## Task to complete
Check every line in the listing below for "open". Copy the ones where it occurs.

## Dataset excerpts
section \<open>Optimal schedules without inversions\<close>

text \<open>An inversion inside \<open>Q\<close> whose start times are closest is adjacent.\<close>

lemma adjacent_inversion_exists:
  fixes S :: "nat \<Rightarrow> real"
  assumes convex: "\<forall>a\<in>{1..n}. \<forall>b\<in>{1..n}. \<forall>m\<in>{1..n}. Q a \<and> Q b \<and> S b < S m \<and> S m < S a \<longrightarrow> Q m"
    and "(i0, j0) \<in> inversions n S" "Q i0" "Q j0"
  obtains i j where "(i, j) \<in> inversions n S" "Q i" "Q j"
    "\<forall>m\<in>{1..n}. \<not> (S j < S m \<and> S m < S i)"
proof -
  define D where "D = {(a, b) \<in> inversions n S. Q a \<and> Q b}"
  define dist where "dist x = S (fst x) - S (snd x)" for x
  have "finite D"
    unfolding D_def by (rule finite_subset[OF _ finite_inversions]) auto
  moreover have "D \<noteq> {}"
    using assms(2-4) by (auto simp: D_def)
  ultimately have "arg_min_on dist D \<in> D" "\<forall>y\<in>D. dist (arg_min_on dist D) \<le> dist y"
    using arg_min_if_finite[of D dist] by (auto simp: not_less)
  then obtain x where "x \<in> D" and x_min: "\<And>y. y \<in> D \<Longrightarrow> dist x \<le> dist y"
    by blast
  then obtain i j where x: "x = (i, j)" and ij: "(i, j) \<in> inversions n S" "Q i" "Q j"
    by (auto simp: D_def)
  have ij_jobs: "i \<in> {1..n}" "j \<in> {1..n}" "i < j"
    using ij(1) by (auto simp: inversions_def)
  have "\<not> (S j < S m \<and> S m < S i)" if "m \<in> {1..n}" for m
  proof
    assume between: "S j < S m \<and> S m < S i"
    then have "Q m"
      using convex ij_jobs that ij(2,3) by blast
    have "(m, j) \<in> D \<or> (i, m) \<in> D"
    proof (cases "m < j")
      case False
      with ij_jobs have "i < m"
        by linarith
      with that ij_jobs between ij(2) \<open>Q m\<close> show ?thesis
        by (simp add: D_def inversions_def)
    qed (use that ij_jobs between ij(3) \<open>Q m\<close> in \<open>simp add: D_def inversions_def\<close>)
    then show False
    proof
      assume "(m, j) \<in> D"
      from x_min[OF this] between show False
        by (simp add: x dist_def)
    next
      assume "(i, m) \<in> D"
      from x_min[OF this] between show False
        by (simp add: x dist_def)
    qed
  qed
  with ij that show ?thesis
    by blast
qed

## Output for this exercise
section \<open>Optimal schedules without inversions\<close>
text \<open>An inversion inside \<open>Q\<close> whose start times are closest is adjacent.\<close>
      with that ij_jobs between ij(2) \<open>Q m\<close> show ?thesis
    qed (use that ij_jobs between ij(3) \<open>Q m\<close> in \<open>simp add: D_def inversions_def\<close>)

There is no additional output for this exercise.